(* Assume the standing setting described in the context (in particular Conditions (I), (II), (III)). Let $y\in\mathbb{R}$ satisfy $g(y)>0$, and let $(\widehat{Y}_1(y),\widehat{Y}_2(y))\in\mathbb{K}_1^*\times\mathbb{K}_2^*$ be an optimal solution of the minimization problem defining $g(y)$. Then $$y-\rho\, g(y)\;\le\; y+\rho\,\tilde t\big(y,\widehat{Y}_2(y)\big)\;\le\; y^*.$$
   Context: Setting: $\mathbb{V}$ is a finite Cartesian product of spaces of real symmetric matrices, with the trace inner product $\langle X,Y\rangle$ and norm $\|X\|=\sqrt{\langle X,X\rangle}$; $I$ denotes the identity element of $\mathbb{V}$ and, for $A\in\mathbb{V}$, $\lambda_{\min}(A)$ ($\lambda_{\max}(A)$) is the smallest (largest) eigenvalue over all blocks. $\mathbb{K}_1$ is the cone of positive semidefinite elements of $\mathbb{V}$ (so $\mathbb{K}_1^*=\mathbb{K}_1$), $\mathbb{K}_2\subseteq\mathbb{V}$ is a closed convex cone, and for a cone $\mathbb{J}$, $\mathbb{J}^*=\{Y:\langle X,Y\rangle\ge0\ \forall X\in\mathbb{J}\}$. Condition (II): $(\mathbb{K}_1\cap\mathbb{K}_2)^*=\mathbb{K}_1^*+\mathbb{K}_2^*$. Given $Q,H\in\mathbb{V}$, consider the primal problem $\varphi^*=\inf\{\langle Q,X\rangle: X\in\mathbb{K}_1\cap\mathbb{K}_2,\ \langle H,X\rangle=1\}$ and its dual $y^*=\sup\{y: Q-Hy=Y_1+Y_2,\ Y_1\in\mathbb{K}_1^*,\ Y_2\in\mathbb{K}_2^*\}$. Condition (I): the primal problem is feasible and $H\in\mathbb{K}_1^*+\mathbb{K}_2^*$. Condition (III): a number $\rho>0$ is known such that $\langle I,X\rangle\le\rho$ for every feasible $X$ of the primal problem. Define $G(y)=Q-Hy$, and $$g(y)=\min\{\|G(y)-(Y_1+Y_2)\|: Y_1\in\mathbb{K}_1^*,\ Y_2\in\mathbb{K}_2^*\}.$$ For $y\in\mathbb{R}$ and $Y_2\in\mathbb{K}_2^*$, define $\tilde t(y,Y_2)=\min\{0,\lambda_{\min}(G(y)-Y_2)\}$. *)

theory Defs
  imports "HOL-Analysis.Analysis"
begin

text \<open>The space V (a finite Cartesian product of spaces of real symmetric matrices)
is modelled as the space of real symmetric block-diagonal matrices of type
real^'n^'n, where the block structure is given by a map blk: entries (i,j)
with blk i different from blk j vanish. The trace inner product of symmetric
matrices is the Frobenius inner product, which is the library inner product
on real^'n^'n; the norm is the induced one.\<close>

definition Vspace :: "('n::finite \<Rightarrow> 'b) \<Rightarrow> (real^'n^'n) set" where
  "Vspace blk = {X. transpose X = X \<and> (\<forall>i j. blk i \<noteq> blk j \<longrightarrow> X$i$j = 0)}"

definition psd_cone :: "('n::finite \<Rightarrow> 'b) \<Rightarrow> (real^'n^'n) set" where
  "psd_cone blk = {X \<in> Vspace blk. \<forall>x::real^'n. 0 \<le> x \<bullet> (X *v x)}"

definition dual_cone :: "('n::finite \<Rightarrow> 'b) \<Rightarrow> (real^'n^'n) set \<Rightarrow> (real^'n^'n) set" where
  "dual_cone blk J = {Y \<in> Vspace blk. \<forall>X\<in>J. 0 \<le> X \<bullet> Y}"

definition mat_eigenvalues :: "real^'n^'n \<Rightarrow> real set" where
  "mat_eigenvalues A = {l. \<exists>v. v \<noteq> 0 \<and> A *v v = l *s v}"

text \<open>Smallest eigenvalue; for block-diagonal matrices this is the smallest
eigenvalue over all blocks.\<close>
definition lambda_min :: "real^'n^'n \<Rightarrow> real" where
  "lambda_min A = Min (mat_eigenvalues A)"

definition Gmap :: "real^'n^'n \<Rightarrow> real^'n^'n \<Rightarrow> real \<Rightarrow> real^'n^'n" where
  "Gmap Q H y = Q - y *\<^sub>R H"

definition gfun :: "('n::finite \<Rightarrow> 'b) \<Rightarrow> (real^'n^'n) set \<Rightarrow> real^'n^'n \<Rightarrow> real^'n^'n \<Rightarrow> real \<Rightarrow> real" where
  "gfun blk K2 Q H y = Inf {norm (Gmap Q H y - (Y1 + Y2)) | Y1 Y2.
      Y1 \<in> dual_cone blk (psd_cone blk) \<and> Y2 \<in> dual_cone blk K2}"

definition ttilde :: "real^'n^'n \<Rightarrow> real^'n^'n \<Rightarrow> real \<Rightarrow> real^'n^'n \<Rightarrow> real" where
  "ttilde Q H y Y2 = min 0 (lambda_min (Gmap Q H y - Y2))"

definition primal_feasible :: "('n::finite \<Rightarrow> 'b) \<Rightarrow> (real^'n^'n) set \<Rightarrow> real^'n^'n \<Rightarrow> (real^'n^'n) set" where
  "primal_feasible blk K2 H = {X. X \<in> psd_cone blk \<inter> K2 \<and> H \<bullet> X = 1}"

definition dual_opt :: "('n::finite \<Rightarrow> 'b) \<Rightarrow> (real^'n^'n) set \<Rightarrow> real^'n^'n \<Rightarrow> real^'n^'n \<Rightarrow> real" where
  "dual_opt blk K2 Q H = Sup {y. \<exists>Y1 Y2. Gmap Q H y = Y1 + Y2 \<and>
      Y1 \<in> dual_cone blk (psd_cone blk) \<and> Y2 \<in> dual_cone blk K2}"

end

theory Submission
  imports Defs
begin

text \<open>Write \<open>M = G(y) - Y\<^sub>2\<close> for the optimal \<open>Y\<^sub>2\<close>. Testing the optimal \<open>Y\<^sub>1 \<in> \<K>\<^sub>1\<^sup>*\<close> against the
rank-one projector onto a (block-supported) eigenvector of \<open>\<lambda>\<^sub>m\<^sub>i\<^sub>n(M)\<close> shows
\<open>-g(y) = -\<parallel>M - Y\<^sub>1\<parallel> \<le> min 0 \<lambda>\<^sub>m\<^sub>i\<^sub>n(M) = t\<close>, giving the first inequality. For the second, Condition (III)
and feasibility give \<open>\<langle>I, X\<rangle> \<le> \<rho> \<langle>H, X\<rangle>\<close> on \<open>\<K>\<^sub>1 \<inter> \<K>\<^sub>2\<close>, so by Condition (II)
\<open>\<rho> H - I = Z\<^sub>1 + Z\<^sub>2\<close> with \<open>Z\<^sub>i \<in> \<K>\<^sub>i\<^sup>*\<close>. Then
\<open>G(y + \<rho> t) = (M - t I - t Z\<^sub>1) + (Y\<^sub>2 - t Z\<^sub>2)\<close> is a dual-feasible splitting, since \<open>M - t I \<succeq> 0\<close>.\<close>

subsection \<open>Spectral theory of symmetric real matrices\<close>

lemma symmetric_matrix_inner_commute:
  fixes A :: "real^'n^'n"
  assumes "transpose A = A"
  shows "(A *v x) \<bullet> y = x \<bullet> (A *v y)"
  by (metis assms dot_lmul_matrix vector_transpose_matrix)

lemma linear_coeff_eq_0_if_quadratic_nonneg:
  fixes a b :: real
  assumes "\<And>s. 0 \<le> a * s^2 + b * s"
  shows "b = 0"
proof -
  define c where "c = \<bar>a\<bar> + 1"
  have c: "c > 0" "a - c < 0" unfolding c_def by auto
  have "0 \<le> a * (-b/c)^2 + b * (-b/c)" by (rule assms)
  hence "0 \<le> (a * (-b/c)^2 + b * (-b/c)) * c^2" using c by simp
  also have "\<dots> = b^2 * (a - c)" using c by (simp add: field_simps power2_eq_square)
  finally have "b^2 \<le> 0" using c by (simp add: mult_le_0_iff zero_le_mult_iff)
  thus ?thesis by simp
qed

lemma Rayleigh_quotient_attains_min:
  fixes A :: "real^'n^'n"
  assumes S: "subspace S" and ne: "S \<noteq> {0}"
  obtains v where "v \<in> S" "norm v = 1" "\<And>y. y \<in> S \<Longrightarrow> (v \<bullet> (A *v v)) * (y \<bullet> y) \<le> y \<bullet> (A *v y)"
proof -
  define f where "f x = x \<bullet> (A *v x)" for x
  define K where "K = S \<inter> sphere 0 1"
  have normalize_in_K: "(1/norm y) *\<^sub>R y \<in> K" if "y \<in> S" "y \<noteq> 0" for y
    using that S unfolding K_def by (simp add: subspace_scale)
  have cK: "compact K" unfolding K_def by (simp add: S closed_Int_compact closed_subspace)
  obtain x where "x \<in> S" "x \<noteq> 0" using ne S subspace_0 by blast
  hence Kne: "K \<noteq> {}" using normalize_in_K by blast
  have cf: "continuous_on K f" unfolding f_def
    by (intro continuous_intros matrix_vector_mult_linear_continuous_on[unfolded o_def])
  obtain v where v: "v \<in> K" "\<And>y. y \<in> K \<Longrightarrow> f v \<le> f y"
    using continuous_attains_inf[OF cK Kne cf] by blast
  have "f v * (y \<bullet> y) \<le> f y" if "y \<in> S" for y
  proof (cases "y = 0")
    case True then show ?thesis by (simp add: f_def)
  next
    case False
    have "f v \<le> f ((1/norm y) *\<^sub>R y)" using v(2) normalize_in_K[OF that False] by blast
    also have "\<dots> = f y / (norm y)^2" unfolding f_def
      by (simp add: matrix_vector_mult_scaleR power2_eq_square)
    finally have "f v * (norm y)^2 \<le> f y" using False by (simp add: field_simps)
    thus ?thesis by (simp add: power2_norm_eq_inner)
  qed
  moreover have "v \<in> S" "norm v = 1" using v(1) unfolding K_def by auto
  ultimately show ?thesis using that unfolding f_def by blast
qed

text \<open>Perturbing the minimizer \<open>v\<close> along \<open>w = A v - \<mu> v \<in> S\<close> gives a nonnegative quadratic in
\<open>s\<close> with linear coefficient \<open>2\<parallel>w\<parallel>\<^sup>2\<close>, so \<open>w = 0\<close>.\<close>

lemma Rayleigh_minimizer_eigenvector:
  fixes A :: "real^'n^'n"
  assumes sym: "transpose A = A" and S: "subspace S" and inv: "\<And>x. x \<in> S \<Longrightarrow> A *v x \<in> S"
    and vS: "v \<in> S" and nv: "norm v = 1"
    and min: "\<And>y. y \<in> S \<Longrightarrow> (v \<bullet> (A *v v)) * (y \<bullet> y) \<le> y \<bullet> (A *v y)"
  shows "A *v v = (v \<bullet> (A *v v)) *\<^sub>R v"
proof -
  define f where "f x = x \<bullet> (A *v x)" for x
  define mu where "mu = f v"
  define w where "w = A *v v - mu *\<^sub>R v"
  have wS: "w \<in> S" unfolding w_def using S inv vS by (simp add: subspace_diff subspace_scale)
  have "\<forall>s. 0 \<le> (f w - mu * (w \<bullet> w)) * s^2 + (2 * (w \<bullet> w)) * s"
  proof
    fix s :: real
    have e1: "f (v + s *\<^sub>R w) = mu + 2 * s * (w \<bullet> (A *v v)) + s^2 * f w"
      unfolding f_def mu_def using symmetric_matrix_inner_commute[OF sym, of w v]
      by (simp add: matrix_vector_right_distrib matrix_vector_mult_scaleR inner_add_left
          inner_add_right algebra_simps power2_eq_square inner_commute)
    have e2: "(v + s *\<^sub>R w) \<bullet> (v + s *\<^sub>R w) = 1 + 2 * s * (w \<bullet> v) + s^2 * (w \<bullet> w)"
      using nv by (simp add: inner_add_left inner_add_right algebra_simps power2_eq_square
          inner_commute norm_eq_1)
    have "v + s *\<^sub>R w \<in> S" using S vS wS by (simp add: subspace_add subspace_scale)
    hence "mu * ((v + s *\<^sub>R w) \<bullet> (v + s *\<^sub>R w)) \<le> f (v + s *\<^sub>R w)"
      unfolding mu_def f_def by (rule min)
    hence "0 \<le> 2 * s * (w \<bullet> (A *v v) - mu * (w \<bullet> v)) + s^2 * (f w - mu * (w \<bullet> w))"
      unfolding e1 e2 by (simp add: algebra_simps)
    moreover have "w \<bullet> (A *v v) - mu * (w \<bullet> v) = w \<bullet> w"
      unfolding w_def[symmetric] by (simp add: w_def inner_diff_right)
    ultimately show "0 \<le> (f w - mu * (w \<bullet> w)) * s^2 + (2 * (w \<bullet> w)) * s"
      by (simp add: algebra_simps)
  qed
  hence "2 * (w \<bullet> w) = 0" using linear_coeff_eq_0_if_quadratic_nonneg by blast
  hence "w = 0" by simp
  thus ?thesis unfolding w_def mu_def f_def by simp
qed

lemma span_insert_unit_orthogonal_complement:
  fixes v :: "'a::euclidean_space"
  assumes S: "subspace S" and v: "v \<in> S" "v \<bullet> v = 1"
    and B': "span B' = S \<inter> {x. v \<bullet> x = 0}"
  shows "span (insert v B') = S"
proof
  have "B' \<subseteq> S" using B' span_superset by blast
  thus "span (insert v B') \<subseteq> S" using S v(1) by (simp add: span_minimal)
  show "S \<subseteq> span (insert v B')"
  proof
    fix x assume x: "x \<in> S"
    have "x - (v \<bullet> x) *\<^sub>R v \<in> span B'" unfolding B' using x v S
      by (simp add: subspace_diff subspace_scale inner_diff_right)
    hence "x - (v \<bullet> x) *\<^sub>R v \<in> span (insert v B')" by (metis span_mono subset_insertI subsetD)
    moreover have "(v \<bullet> x) *\<^sub>R v \<in> span (insert v B')" by (simp add: span_base span_mul)
    ultimately have "(x - (v \<bullet> x) *\<^sub>R v) + (v \<bullet> x) *\<^sub>R v \<in> span (insert v B')" by (rule span_add)
    thus "x \<in> span (insert v B')" by simp
  qed
qed
lemma ln_frac_above_grid_point_le:
  fixes k Q :: nat and x w :: real
  assumes "k < Q" "0 < x" "x \<le> w" "w * Q < 1"
  shows "ln (frac (k / Q + x))
    \<le> (if k = 0 then ln w else ln (k / Q) + w * Q / k)"
proof -
  have "0 < real Q" using assms(1) by simp
  have "k / Q + x < 1"
  proof -
    have "real k / Q \<le> 1 - 1 / Q"
      using assms(1) \<open>0 < real Q\<close> by (simp add: field_simps)
    moreover have "w < 1 / Q" using assms(4) \<open>0 < real Q\<close> by (simp add: field_simps)
    ultimately show ?thesis using assms(3) by linarith
  qed
  then have frac: "frac (k / Q + x) = k / Q + x" using assms(2) by (simp add: frac_eq)
  show ?thesis
  proof (cases "k = 0")
    case True
    then show ?thesis using frac assms(2,3) by simp
  next
    case False
    then have "0 < real k / Q" using \<open>0 < real Q\<close> by simp
    have "ln (k / Q + x) \<le> ln (k / Q + w)" using \<open>0 < real k / Q\<close> assms(2,3) by simp
    also have "k / Q + w = (k / Q) * (1 + w * Q / k)"
      using False \<open>0 < real Q\<close> by (simp add: field_simps)
    also have "ln \<dots> = ln (k / Q) + ln (1 + w * Q / k)"
    proof (rule ln_mult_pos[OF \<open>0 < real k / Q\<close>])
      show "0 < 1 + w * Q / k" using assms(2,3) by (simp add: add_pos_nonneg)
    qed
    also have "ln (1 + w * Q / k) \<le> w * Q / k"
      using assms(2,3) by (intro ln_add_one_self_le_self) auto
    finally show ?thesis using frac False by simp
  qed
qed
lemma emeasure_floored_simplex:
  fixes s t :: real
  assumes "finite A" "K \<subseteq> A" "0 \<le> s"
  shows "emeasure (Pi\<^sub>M A (\<lambda>_. lborel)) (floored_simplex A K s t \<inter> space (Pi\<^sub>M A (\<lambda>_. lborel))) =
           ennreal (if card K * s \<le> t then (t - card K * s) ^ card A / fact (card A) else 0)"
  using assms(1,2)
proof (induction A arbitrary: K t rule: finite_induct)
  case empty
  then have "floored_simplex {} K s t \<inter> space (Pi\<^sub>M {} (\<lambda>_. lborel)) =
               (if 0 \<le> t then {\<lambda>_. undefined} else {})"
    by (auto simp: floored_simplex_def space_PiM)
  with empty show ?case by (simp add: PiM_empty)
next
  case (insert b A K t)
  define l where "l = (if b \<in> K then s else 0)"
  define c where "c = t - card (K - {b}) * s"
  have KA: "K - {b} \<subseteq> A" using insert.prems by auto
  have "finite K" using insert.prems insert.hyps(1) finite_subset by blast
  have c_l: "c - l = t - card K * s"
  proof (cases "b \<in> K")
    case True
    with \<open>finite K\<close> have "card K = Suc (card (K - {b}))" by (rule card.remove)
    with True show ?thesis by (simp add: c_def l_def algebra_simps)
  qed (simp add: c_def l_def)
  have "emeasure (Pi\<^sub>M (insert b A) (\<lambda>_. lborel))
          (floored_simplex (insert b A) K s t \<inter> space (Pi\<^sub>M (insert b A) (\<lambda>_. lborel))) =
        (\<integral>\<^sup>+ y. ennreal ((1 * (c - y)) ^ card A / fact (card A)) * indicator {l..c} y \<partial>lborel)"
    unfolding emeasure_floored_simplex_insert[OF insert.hyps insert.prems assms(3)] insert.IH[OF KA]
    by (intro nn_integral_cong) (auto simp: indicator_def c_def l_def algebra_simps)
  also have "\<dots> = ennreal (if card K * s \<le> t
                         then (t - card K * s) ^ card (insert b A) / fact (card (insert b A)) else 0)"
    using nn_integral_scaled_power_Icc[of 1 l c "card A"] insert.hyps c_l by (cases "l \<le> c") simp_all
  finally show ?case .
qed
text \<open>
  Say that w alternates on S if (-1)^k w^(k) > 0 on S for every k; alternating_signs_on p n S w
  asks this only for k < n and with sign (-1)^(k+p). The hypotheses say exactly that f''
  alternates, and the conclusion says exactly that g' alternates, where g is the inverse of f.

  By the Leibniz rule, products of alternating functions alternate. Since
  (\<phi> \<circ> u)' = (\<phi>' \<circ> u) u', it follows by induction that \<phi> \<circ> u alternates up to order n + 1
  whenever \<phi> alternates and u' alternates up to order n. With \<phi> = 1/t and u = f' this shows
  that 1/f' alternates. Finally g' = (1/f') \<circ> g, so the same lemma with u = g lifts the
  alternation of g' one order at a time; the smoothness of g is bootstrapped in the same way.
\<close>

definition higher_differentiable_on :: "nat \<Rightarrow> real set \<Rightarrow> (real \<Rightarrow> real) \<Rightarrow> bool" where
  "higher_differentiable_on n S w \<longleftrightarrow>
     (\<forall>k<n. \<forall>x\<in>S. ((deriv ^^ k) w has_real_derivative (deriv ^^ Suc k) w x) (at x))"

lemma higher_deriv_Suc_right: "(deriv ^^ Suc k) w = (deriv ^^ k) (deriv w)"
  by (simp only: funpow_Suc_right o_apply)

lemma higher_differentiable_on_Suc:
  "higher_differentiable_on (Suc n) S w \<longleftrightarrow>
     (\<forall>x\<in>S. w field_differentiable at x) \<and> higher_differentiable_on n S (deriv w)"
  unfolding higher_differentiable_on_def All_less_Suc2 higher_deriv_Suc_right[symmetric]
  by (simp add: DERIV_deriv_iff_field_differentiable)

lemma higher_differentiable_on_mono:
  "higher_differentiable_on n S w \<Longrightarrow> m \<le> n \<Longrightarrow> higher_differentiable_on m S w"
  unfolding higher_differentiable_on_def using order.strict_trans2 by blast

lemma smooth_on_iff_higher_differentiable_on:
  "smooth_on S w \<longleftrightarrow> (\<forall>n. higher_differentiable_on n S w)"
proof
  assume "\<forall>n. higher_differentiable_on n S w"
  then have "higher_differentiable_on (Suc n) S w" for n
    by blast
  then show "smooth_on S w"
    unfolding smooth_on_def higher_differentiable_on_def by blast
qed (auto simp: smooth_on_def higher_differentiable_on_def)

lemma smooth_on_iff_deriv:
  "smooth_on S w \<longleftrightarrow> (\<forall>x\<in>S. w field_differentiable at x) \<and> smooth_on S (deriv w)"
proof -
  have "(\<forall>n. higher_differentiable_on n S w) \<longleftrightarrow> (\<forall>n. higher_differentiable_on (Suc n) S w)"
    using higher_differentiable_on_mono le_SucI by blast
  then show ?thesis
    unfolding smooth_on_iff_higher_differentiable_on higher_differentiable_on_Suc by blast
qed

lemma higher_deriv_cong_open:
  assumes "open S" "\<And>y. y \<in> S \<Longrightarrow> v y = w y" "x \<in> S"
  shows "(deriv ^^ k) v x = (deriv ^^ k) w x"
  by (rule higher_deriv_cong_ev[OF eventually_mono[OF eventually_nhds_in_open]]) (use assms in auto)

lemma higher_differentiable_on_cong:
  assumes v: "higher_differentiable_on n S v" and S: "open S" and eq: "\<And>y. y \<in> S \<Longrightarrow> v y = w y"
  shows "higher_differentiable_on n S w"
  unfolding higher_differentiable_on_def
proof (intro allI impI ballI)
  fix k x assume "k < n" and x: "x \<in> S"
  with v have "((deriv ^^ k) v has_real_derivative (deriv ^^ Suc k) v x) (at x)"
    unfolding higher_differentiable_on_def by blast
  then have "((deriv ^^ k) v has_real_derivative (deriv ^^ Suc k) w x) (at x)"
    by (simp only: higher_deriv_cong_open[OF S eq x])
  then show "((deriv ^^ k) w has_real_derivative (deriv ^^ Suc k) w x) (at x)"
    by (rule has_field_derivative_transform_within_open[OF _ S x])
       (rule higher_deriv_cong_open[OF S eq])
qed

lemma higher_differentiable_on_add:
  assumes "open S"
  shows "higher_differentiable_on n S v \<Longrightarrow> higher_differentiable_on n S w \<Longrightarrow>
    higher_differentiable_on n S (\<lambda>x. v x + w x)"
proof (induction n arbitrary: v w)
  case 0
  then show ?case by (simp add: higher_differentiable_on_def)
next
  case (Suc n)
  then have v: "\<forall>x\<in>S. v field_differentiable at x" and w: "\<forall>x\<in>S. w field_differentiable at x"
    by (simp_all add: higher_differentiable_on_Suc)
  have "higher_differentiable_on n S (\<lambda>x. deriv v x + deriv w x)"
    using Suc by (simp add: higher_differentiable_on_Suc)
  then have "higher_differentiable_on n S (deriv (\<lambda>x. v x + w x))"
    by (rule higher_differentiable_on_cong[OF _ assms]) (simp add: v w)
  then show ?case
    using v w by (simp add: higher_differentiable_on_Suc field_differentiable_add)
qed
(* Let $b\ge2$ be an integer and let $w=d_1\dots d_p$ be a fixed block of $b$-ary digits with $p\ge1$. Let $u=d_1\dots d_{p-1}$ and $v=d_2\dots d_p$. Then the following identities of formal Laurent series in $t$ hold: $$(1-bt)\,t^{1-p}Z_w(v,0)=1-t^{2-p}Z_w(v,0,u),\qquad (1-bt)\,Z_w(0)=1-t\,Z_w(v,0).$$ Moreover, $Z_w(v,0)(b^{-1})=b$ and $Z_w(v,0,u)(b^{-1})=b^{2-p}$.
   Context: Strings are finite sequences over $\{0,\dots,b-1\}$, including the empty string $\epsilon$. $k_w(X)$ is the number of possibly overlapping occurrences of $w$ in $X$. $Z_w(0)=\sum_l N_w(0,l)t^l$, where $N_w(0,l)$ is the number of strings of length $l$ with $k_w(X)=0$. For strings $x,y$, $Z_w(x,0,y)=\sum_l c_lt^l$, where $c_l$ is the number of strings of length $l$ with $k_w=0$, prefix $x$ and suffix $y$. Also $Z_w(x,0)=Z_w(x,0,\epsilon)$. When $p=1$, $u=v=\epsilon$. *)

theory Defs
  imports "HOL-Analysis.Analysis" "HOL-Computational_Algebra.Formal_Laurent_Series"
    "HOL-Library.Sublist"
begin

definition is_string :: "nat \<Rightarrow> nat list \<Rightarrow> bool" where
  "is_string b X \<longleftrightarrow> set X \<subseteq> {..<b}"

definition occ :: "nat list \<Rightarrow> nat list \<Rightarrow> nat" where
  "occ w X = card {i. i + length w \<le> length X \<and> take (length w) (drop i X) = w}"

definition cnt :: "nat \<Rightarrow> nat list \<Rightarrow> nat list \<Rightarrow> nat list \<Rightarrow> nat \<Rightarrow> nat" where
  "cnt b w x y l = card {X. is_string b X \<and> length X = l \<and> occ w X = 0
                            \<and> prefix x X \<and> suffix y X}"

• **Your goal**: Scan the listing above for the word "only" and show each line where it is found.

• **Response to the exercise**:
  asks this only for k < n and with sign (-1)^(k+p). The hypotheses say exactly that f''
  by (simp only: funpow_Suc_right o_apply)
    by (simp only: higher_deriv_cong_open[OF S eq x])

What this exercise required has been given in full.